Exactly as they appear below, repeat the lines from the one with "text \<open>\<open>h\<close> is" through the one with "j h \<longleftrightarrow>", and no others.

#### Entries shown

definition separated :: "nat \<Rightarrow> 'n set \<Rightarrow> real \<Rightarrow> real \<Rightarrow> bool" where
  "separated t A c \<theta> \<longleftrightarrow> (\<forall>i\<in>A. u t i \<le> c) \<and> (\<forall>i. i \<notin> A \<longrightarrow> \<theta> < u t i)"

definition crosses :: "nat \<Rightarrow> 'n set \<Rightarrow> bool" where
  "crosses s A \<longleftrightarrow> (\<exists>i\<in>A. \<exists>j\<in>N s i. j \<notin> A)"

text \<open>Without a cut edge, every node only sees its own side, so the separation
  survives one step.\<close>
lemma separated_step:
  assumes sep: "separated t A c \<theta>" and no_cross: "\<not> crosses t A"
  shows "separated (Suc t) A c \<theta>"
  unfolding separated_def
proof (intro conjI ballI allI impI)
  fix i assume "i \<in> A"
  obtain j where "j \<in> N t i" "u (Suc t) i \<le> u t j" using below_nbr by blast
  moreover from this \<open>i \<in> A\<close> no_cross have "j \<in> A" unfolding crosses_def by blast
  ultimately show "u (Suc t) i \<le> c" using sep unfolding separated_def by force
next
  fix i assume "i \<notin> A"
  obtain j where "j \<in> N t i" "u t j \<le> u (Suc t) i" using above_nbr by blast
  moreover from this \<open>i \<notin> A\<close> no_cross have "j \<notin> A"
    using nbr_sym unfolding crosses_def by blast
  ultimately show "\<theta> < u (Suc t) i" using sep unfolding separated_def by force
qed

lemma separated_persists:
  assumes "separated t A c \<theta>" "\<And>d. d < n \<Longrightarrow> \<not> crosses (t + d) A"
  shows "separated (t + n) A c \<theta>"
  using assms by (induction n) (simp_all add: separated_step)
lemma geom_bounded_cauchy_prod:
  assumes "geom_bounded a" and "geom_bounded b"
  shows "geom_bounded (cauchy_prod a b)"
proof -
  obtain C R where C: "0 \<le> C" and R: "0 \<le> R" and a: "\<And>n. norm (a n) \<le> C * R ^ n"
    using assms(1) by (auto simp: geom_bounded_def)
  obtain C' R' where C': "0 \<le> C'" and R': "0 \<le> R'" and b: "\<And>n. norm (b n) \<le> C' * R' ^ n"
    using assms(2) by (auto simp: geom_bounded_def)
  define Q where "Q = max R R'"
  have "R \<le> Q" "R' \<le> Q"
    by (simp_all add: Q_def)
  hence a': "norm (a n) \<le> C * Q ^ n" and b': "norm (b n) \<le> C' * Q ^ n" for n
    using a[of n] b[of n] power_mono[of R Q n] power_mono[of R' Q n] C C' R R'
    by (meson mult_left_mono order.trans)+
  have "norm (cauchy_prod a b n) \<le> (C * C') * (2 * Q) ^ n" for n
  proof -
    have "norm (cauchy_prod a b n) \<le> (\<Sum>k\<le>n. norm (a k) * norm (b (n - k)))"
      unfolding cauchy_prod_def by (rule order.trans[OF norm_sum]) (simp add: norm_mult)
    also have "\<dots> \<le> (\<Sum>k\<le>n. (C * Q ^ k) * (C' * Q ^ (n - k)))"
      using C C' R by (intro sum_mono mult_mono a' b') (auto simp: Q_def)
    also have "\<dots> = (C * C') * (real (Suc n) * Q ^ n)"
      by (simp add: power_add[symmetric] mult_ac)
    also have "\<dots> \<le> (C * C') * (2 ^ n * Q ^ n)"
    proof -
      have "real (Suc n) \<le> 2 ^ n"
        using less_exp[of n] by (metis Suc_leI of_nat_le_iff of_nat_numeral of_nat_power)
      thus ?thesis
        using C C' R by (intro mult_left_mono mult_right_mono) (auto simp: Q_def)
    qed
    finally show ?thesis
      by (simp add: power_mult_distrib)
  qed
  thus ?thesis
    unfolding geom_bounded_def using C C' R by (intro exI[of _ "C * C'"] exI[of _ "2 * Q"]) (auto simp: Q_def)
qed
lemma Galpha_centre_const_in_group_centre:
  assumes bij: "bij_betw \<alpha> (carrier \<Gamma>) (carrier \<Gamma>)" and central: "((\<lambda>_. c), id) \<in> Galpha_centre \<Gamma> \<alpha>"
  shows "c \<in> group_centre \<Gamma>"
proof -
  have c: "(\<lambda>_. c) \<in> Kalpha \<Gamma> \<alpha>"
    by (rule Galpha_centreD(1)[OF central])
  have "c \<otimes>\<^bsub>\<Gamma>\<^esub> h = h \<otimes>\<^bsub>\<Gamma>\<^esub> c" if h: "h \<in> carrier \<Gamma>" for h
  proof -
    obtain b where b: "b \<in> Kalpha \<Gamma> \<alpha>" "b [] = h"
      using Kalpha_obtain_root_value[OF bij h] by blast
    then have "(\<lambda>u. c \<otimes>\<^bsub>\<Gamma>\<^esub> b u) = (\<lambda>u. b u \<otimes>\<^bsub>\<Gamma>\<^esub> c)"
      using Galpha_centreD(3)[OF central b(1) id_in_ThompsonV] by (simp add: piV_id c)
    then show ?thesis
      using b(2) by (metis (no_types))
  qed
  then show ?thesis
    using Kalpha_in_carrier[OF c] by (simp add: group_centre_def)
qed

lemma const_in_Galpha_centre:
  assumes "z \<in> group_centre \<Gamma> \<inter> fixed_points \<Gamma> \<alpha>"
  shows "((\<lambda>_. z), id) \<in> Galpha_centre \<Gamma> \<alpha>"
proof -
  have z_fixed: "z \<in> fixed_points \<Gamma> \<alpha>"
    and z_comm: "\<And>h. h \<in> carrier \<Gamma> \<Longrightarrow> z \<otimes>\<^bsub>\<Gamma>\<^esub> h = h \<otimes>\<^bsub>\<Gamma>\<^esub> z"
    using assms by (auto simp: group_centre_def)
  have "Galpha_mult \<Gamma> \<alpha> ((\<lambda>_. z), id) (b, w) = Galpha_mult \<Gamma> \<alpha> (b, w) ((\<lambda>_. z), id)"
    if "b \<in> Kalpha \<Gamma> \<alpha>" "w \<in> ThompsonV" for b w
    using z_comm[OF Kalpha_in_carrier[OF that(1)]]
    by (simp add: piV_id[OF that(1)] piV_const[OF that(2) z_fixed])
  then show ?thesis
    using const_in_Kalpha[OF z_fixed] id_in_ThompsonV
    by (auto simp: Galpha_centre_def Galpha_carrier_def)
qed

lemma Galpha_centreE:
  assumes "group \<Gamma>" "\<alpha> \<in> iso \<Gamma> \<Gamma>" "(a, v) \<in> Galpha_centre \<Gamma> \<alpha>"
  obtains c where "c \<in> group_centre \<Gamma> \<inter> fixed_points \<Gamma> \<alpha>" "a = (\<lambda>_. c)" "v = id"
proof -
  have hom: "\<alpha> \<in> hom \<Gamma> \<Gamma>" and bij: "bij_betw \<alpha> (carrier \<Gamma>) (carrier \<Gamma>)"
    using assms(2) by (auto simp: iso_def)
  then have \<alpha>: "\<alpha> \<in> carrier \<Gamma> \<rightarrow> carrier \<Gamma>" "inj_on \<alpha> (carrier \<Gamma>)"
    by (auto simp: hom_def bij_betw_def)
  note a = Galpha_centreD(1)[OF assms(3)]
  have invariant: "piV \<Gamma> \<alpha> w a = a" if "w \<in> ThompsonV" for w
    by (rule Galpha_centre_fst_invariant[OF assms(1) hom assms(3) that])
  obtain c where c: "c \<in> fixed_points \<Gamma> \<alpha>" "a = (\<lambda>_. c)"
    using Kalpha_const_if_sibling_eq[OF a \<alpha>(2)
      piV_switch_fixed_imp_sibling_eq[OF \<alpha>(1) a invariant[OF switch_in_ThompsonV]]
      piV_thompson_x0_fixed_imp_eq[OF \<alpha>(1) a invariant[OF thompson_x0_in_ThompsonV]]]
    by blast
  have "v = id"
    using assms(3) a by (intro Galpha_centre_snd_eq_id) blast+
  with assms(3) c(2) have "c \<in> group_centre \<Gamma>"
    by (intro Galpha_centre_const_in_group_centre[OF bij]) simp
  with c \<open>v = id\<close> show ?thesis
    using that by blast
qed

lemma Galpha_centre_eq_constants:
  assumes "group \<Gamma>" "\<alpha> \<in> iso \<Gamma> \<Gamma>"
  shows "Galpha_centre \<Gamma> \<alpha> = (\<lambda>z. ((\<lambda>_. z), id)) ` (group_centre \<Gamma> \<inter> fixed_points \<Gamma> \<alpha>)"
    (is "_ = ?constants")
proof (intro equalityI subsetI)
  fix g
  assume g: "g \<in> Galpha_centre \<Gamma> \<alpha>"
  obtain a v where g_eq: "g = (a, v)"
    by fastforce
  with g obtain c where "c \<in> group_centre \<Gamma> \<inter> fixed_points \<Gamma> \<alpha>" "a = (\<lambda>_. c)" "v = id"
    using Galpha_centreE[OF assms] by blast
  with g_eq have "c \<in> group_centre \<Gamma> \<inter> fixed_points \<Gamma> \<alpha>" "g = ((\<lambda>_. c), id)"
    by simp_all
  then show "g \<in> ?constants"
    by (rule rev_image_eqI)
next
  fix g
  assume "g \<in> ?constants"
  then obtain z where "z \<in> group_centre \<Gamma> \<inter> fixed_points \<Gamma> \<alpha>" "g = ((\<lambda>_. z), id)"
    by (rule imageE)
  then show "g \<in> Galpha_centre \<Gamma> \<alpha>"
    using const_in_Galpha_centre by simp
qed

theorem mainTheorem9:
  fixes \<Gamma> :: "('g, 'b) monoid_scheme" and \<alpha> :: "'g \<Rightarrow> 'g"
  assumes "group \<Gamma>" and "\<alpha> \<in> iso \<Gamma> \<Gamma>"
  shows "Galpha_centre \<Gamma> \<alpha> =
    {(a, id) | a. a \<in> Kalpha \<Gamma> \<alpha> \<and>
       (\<exists>z \<in> group_centre \<Gamma> \<inter> fixed_points \<Gamma> \<alpha>. \<forall>x \<in> Q2. Kval \<alpha> a x = z)}"
proof -
  have bij: "bij_betw \<alpha> (carrier \<Gamma>) (carrier \<Gamma>)"
    using assms(2) by (simp add: iso_def)
  show ?thesis
    unfolding Galpha_centre_eq_constants[OF assms] Kalpha_Kval_const_iff[OF bij Int_lower2] by blast
qed

end
(* Let $\alpha>0$ and $F(t)=(1+t^{-\alpha})^{-1}$ for $t>0$, $F(0)=0$. A function $G\in\Delta_+$ is in the Boolean max-domain of attraction of $F$ if and only if the function $t\mapsto 1-\exp\big(1-G(t)^{-1}\big)$ is regularly varying of exponent $-\alpha$.
   Context: $\Delta_+$ is the set of functions $F:[0,\infty)\to[0,1]$ that are nondecreasing, right continuous and satisfy $\lim_{t\to\infty}F(t)=1$. Define $\sqcap$ on $[0,1]$ by $(x\sqcap y)^{-1}-1=(x^{-1}-1)+(y^{-1}-1)$ (conventions $0^{-1}=+\infty$, $(+\infty)^{-1}=0$, and $\exp(1-0^{-1})=0$), and the Boolean max-convolution of $F,G\in\Delta_+$ by $(F\boxed{\vee}G)(t)=F(t)\sqcap G(t)$; $G^{\boxed{\vee}n}$ denotes the $n$-fold Boolean max-convolution of $G$ with itself. $G\in\Delta_+$ is in the Boolean max-domain of attraction of $F\in\Delta_+$ if there exist $a_n>0$ ($n\in\mathbb{N}$) with $G^{\boxed{\vee}n}(a_nt)\to F(t)$ as $n\to\infty$ for all $t\ge0$. A function $h$ on $[0,\infty)$ is regularly varying of exponent $-\alpha$ if $\lim_{t\to+\infty}h(tx)/h(t)=x^{-\alpha}$ for all $x>0$. *)

theory Defs
  imports Complex_Main
begin

definition Delta_plus :: "(real \<Rightarrow> real) \<Rightarrow> bool" where
  "Delta_plus F \<longleftrightarrow>
     mono_on {0..} F \<and>
     (\<forall>t\<ge>0. 0 \<le> F t \<and> F t \<le> 1) \<and>
     (\<forall>t\<ge>0. continuous (at_right t) F) \<and>
     (F \<longlongrightarrow> 1) at_top"

text \<open>Boolean max operation on [0,1]: (x \<sqinter> y)^-1 - 1 = (x^-1 - 1) + (y^-1 - 1),
  with 0^-1 = +\<infinity>, (+\<infinity>)^-1 = 0.\<close>
definition bmax :: "real \<Rightarrow> real \<Rightarrow> real" where
  "bmax x y = (if x = 0 \<or> y = 0 then 0 else 1 / (1 / x + 1 / y - 1))"

definition bmax_conv :: "(real \<Rightarrow> real) \<Rightarrow> (real \<Rightarrow> real) \<Rightarrow> (real \<Rightarrow> real)" where
  "bmax_conv F G = (\<lambda>t. bmax (F t) (G t))"

text \<open>n-fold Boolean max-convolution power (n = 0 gives the neutral function 1;
  only n \<ge> 1 matters).\<close>
fun bmax_pow :: "nat \<Rightarrow> (real \<Rightarrow> real) \<Rightarrow> (real \<Rightarrow> real)" where
  "bmax_pow 0 G = (\<lambda>_. 1)"
| "bmax_pow (Suc 0) G = G"
| "bmax_pow (Suc (Suc n)) G = bmax_conv (bmax_pow (Suc n) G) G"

definition bool_max_domain_of_attraction :: "(real \<Rightarrow> real) \<Rightarrow> (real \<Rightarrow> real) \<Rightarrow> bool" where
  "bool_max_domain_of_attraction G F \<longleftrightarrow>
     (\<exists>a :: nat \<Rightarrow> real. (\<forall>n. a n > 0) \<and>
        (\<forall>t\<ge>0. (\<lambda>n. bmax_pow n G (a n * t)) \<longlonglongrightarrow> F t))"

definition regularly_varying :: "real \<Rightarrow> (real \<Rightarrow> real) \<Rightarrow> bool" where
  "regularly_varying \<rho> h \<longleftrightarrow>
     (\<forall>x>0. ((\<lambda>t. h (t * x) / h t) \<longlongrightarrow> x powr \<rho>) at_top)"

text \<open>1 - exp(1 - y^-1) with the conventions 0^-1 = +\<infinity>, exp(1 - 0^-1) = 0.\<close>
definition one_minus_exp_inv :: "real \<Rightarrow> real" where
  "one_minus_exp_inv y = (if y = 0 then 1 else 1 - exp (1 - 1 / y))"

end

theory Submission
  imports Defs "HOL-Real_Asymp.Real_Asymp"
begin
lemma sum_ksubsets_remove_pair_insert:
  assumes "finite V" "a \<in> V" "a \<noteq> b" "1 \<le> k"
  shows "(\<Sum>S\<in>ksubsets (V - {a, b}) (k - 1). F (insert a S))
       = (\<Sum>R\<in>ksubsets V k. if a \<in> R \<and> b \<notin> R then F R else 0)"
proof -
  have fin: "finite S" if "S \<subseteq> V - {a, b}" for S
    using assms(1) finite_subset that by blast
  have "(\<Sum>S\<in>ksubsets (V - {a, b}) (k - 1). F (insert a S)) = (\<Sum>R\<in>{R\<in>ksubsets V k. a \<in> R \<and> b \<notin> R}. F R)"
    by (rule sum.reindex_bij_witness[where i="\<lambda>R. R - {a}" and j="insert a"])
       (use assms fin in \<open>auto simp: ksubsets_def card_insert_if dest: finite_subset\<close>)
  then show ?thesis using assms(1) by (simp add: sum.inter_filter finite_ksubsets)
qed

lemma sum_sq_diffs:
  fixes u :: "'b \<Rightarrow> real"
  shows "(\<Sum>a\<in>X. \<Sum>b\<in>X. (u a - u b)\<^sup>2) = 2 * real (card X) * (\<Sum>a\<in>X. (u a)\<^sup>2) - 2 * (\<Sum>a\<in>X. u a)\<^sup>2"
proof -
  have "(\<Sum>a\<in>X. \<Sum>b\<in>X. (u a - u b)\<^sup>2)
      = (\<Sum>a\<in>X. \<Sum>b\<in>X. (u a)\<^sup>2) + (\<Sum>a\<in>X. \<Sum>b\<in>X. (u b)\<^sup>2) - 2 * (\<Sum>a\<in>X. \<Sum>b\<in>X. u a * u b)"
    by (simp add: power2_diff sum.distrib sum_subtractf sum_distrib_left mult.assoc)
  moreover have "(\<Sum>a\<in>X. \<Sum>b\<in>X. (u b)\<^sup>2) = (\<Sum>a\<in>X. \<Sum>b\<in>X. (u a)\<^sup>2)"
    by (rule sum.swap)
  moreover have "(\<Sum>a\<in>X. \<Sum>b\<in>X. u a * u b) = (\<Sum>a\<in>X. u a)\<^sup>2"
    by (simp add: power2_eq_square sum_product)
  ultimately show ?thesis by (simp add: sum_distrib_left mult.assoc)
qed

subsection \<open>The down operator and a Poincare inequality\<close>

text \<open>\<open>h\<close> is orthogonal to every indicator \<open>R \<mapsto> [T \<subseteq> R]\<close> with \<open>|T| < j\<close>, i.e. to all
  functions of degree below \<open>j\<close>.\<close>
definition orth_low_deg :: "'a set \<Rightarrow> nat \<Rightarrow> nat \<Rightarrow> ('a set \<Rightarrow> real) \<Rightarrow> bool" where
  "orth_low_deg V k j h \<longleftrightarrow>
     (\<forall>T. T \<subseteq> V \<and> card T < j \<longrightarrow> (\<Sum>R\<in>{R\<in>ksubsets V k. T \<subseteq> R}. h R) = 0)"

lemma orth_low_deg_mono: "orth_low_deg V k j' h \<Longrightarrow> j \<le> j' \<Longrightarrow> orth_low_deg V k j h"
  unfolding orth_low_deg_def by auto

lemma orth_low_deg_diff:
  "orth_low_deg V k j x \<Longrightarrow> orth_low_deg V k j y \<Longrightarrow> orth_low_deg V k j (\<lambda>R. x R - y R)"
  unfolding orth_low_deg_def by (simp add: sum_subtractf)

definition down_op :: "'a set \<Rightarrow> ('a set \<Rightarrow> real) \<Rightarrow> 'a set \<Rightarrow> real" where
  "down_op V \<phi> S = (\<Sum>x\<in>V - S. \<phi> (insert x S))"

definition up_op :: "('a set \<Rightarrow> real) \<Rightarrow> 'a set \<Rightarrow> real" where
  "up_op w R = (\<Sum>x\<in>R. w (R - {x}))"

lemma orth_low_deg_down_op:
  assumes "finite V" "orth_low_deg V (Suc j) l \<phi>"
  shows "orth_low_deg V j l (down_op V \<phi>)"
  unfolding orth_low_deg_def
proof (intro allI impI)
  fix T assume T: "T \<subseteq> V \<and> card T < l"
  have count: "(\<Sum>x\<in>R. if T \<subseteq> R - {x} then \<phi> R else 0) = (if T \<subseteq> R then real (Suc j - card T) * \<phi> R else 0)"
    if "R \<in> ksubsets V (Suc j)" for R
  proof -
    have "R \<inter> {x. T \<subseteq> R - {x}} = (if T \<subseteq> R then R - T else {})" by auto
    then show ?thesis
      using ksubsetsD[OF assms(1) that] by (simp add: sum.If_cases card_Diff_subset finite_subset)
  qed
  have "(\<Sum>S\<in>{S\<in>ksubsets V j. T \<subseteq> S}. down_op V \<phi> S)
      = (\<Sum>S\<in>ksubsets V j. \<Sum>x\<in>V - S. if T \<subseteq> insert x S - {x} then \<phi> (insert x S) else 0)"
  proof -
    have remove: "insert x S - {x} = S" if "x \<in> V - S" for x S using that by auto
    have if_sum: "(\<Sum>x\<in>A. if P then f x else 0) = (if P then sum f A else (0::real))" for A P f
      by simp
    show ?thesis using assms(1)
      by (simp add: sum.inter_filter finite_ksubsets down_op_def remove if_sum cong: sum.cong_simp)
  qed
  also have "\<dots> = (\<Sum>R\<in>ksubsets V (Suc j). \<Sum>x\<in>R. if T \<subseteq> R - {x} then \<phi> R else 0)"
    by (rule sum_ksubsets_Suc_double_count[OF assms(1), symmetric])
  also have "\<dots> = (\<Sum>R\<in>ksubsets V (Suc j). if T \<subseteq> R then real (Suc j - card T) * \<phi> R else 0)"
    using count by (rule sum.cong[OF refl])
  also have "\<dots> = real (Suc j - card T) * (\<Sum>R\<in>{R\<in>ksubsets V (Suc j). T \<subseteq> R}. \<phi> R)"
    using assms(1) by (simp add: sum.inter_filter[symmetric] finite_ksubsets sum_distrib_left)
  also have "\<dots> = 0" using assms(2) T unfolding orth_low_deg_def by simp
  finally show "(\<Sum>S\<in>{S\<in>ksubsets V j. T \<subseteq> S}. down_op V \<phi> S) = 0" .
qed

lemma sum_down_op_mult:
  assumes "finite V"
  shows "(\<Sum>A\<in>ksubsets V j. down_op V \<phi> A * w A) = (\<Sum>R\<in>ksubsets V (Suc j). \<phi> R * up_op w R)"
proof -
  have "(\<Sum>A\<in>ksubsets V j. down_op V \<phi> A * w A)
      = (\<Sum>A\<in>ksubsets V j. \<Sum>x\<in>V - A. \<phi> (insert x A) * w (insert x A - {x}))"
    by (auto simp: down_op_def sum_distrib_right intro!: sum.cong)
  also have "\<dots> = (\<Sum>R\<in>ksubsets V (Suc j). \<Sum>x\<in>R. \<phi> R * w (R - {x}))"
    by (rule sum_ksubsets_Suc_double_count[OF assms, symmetric])
  finally show ?thesis by (simp add: up_op_def sum_distrib_left)
qed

########

Output below |
text \<open>\<open>h\<close> is orthogonal to every indicator \<open>R \<mapsto> [T \<subseteq> R]\<close> with \<open>|T| < j\<close>, i.e. to all
  functions of degree below \<open>j\<close>.\<close>
definition orth_low_deg :: "'a set \<Rightarrow> nat \<Rightarrow> nat \<Rightarrow> ('a set \<Rightarrow> real) \<Rightarrow> bool" where
  "orth_low_deg V k j h \<longleftrightarrow>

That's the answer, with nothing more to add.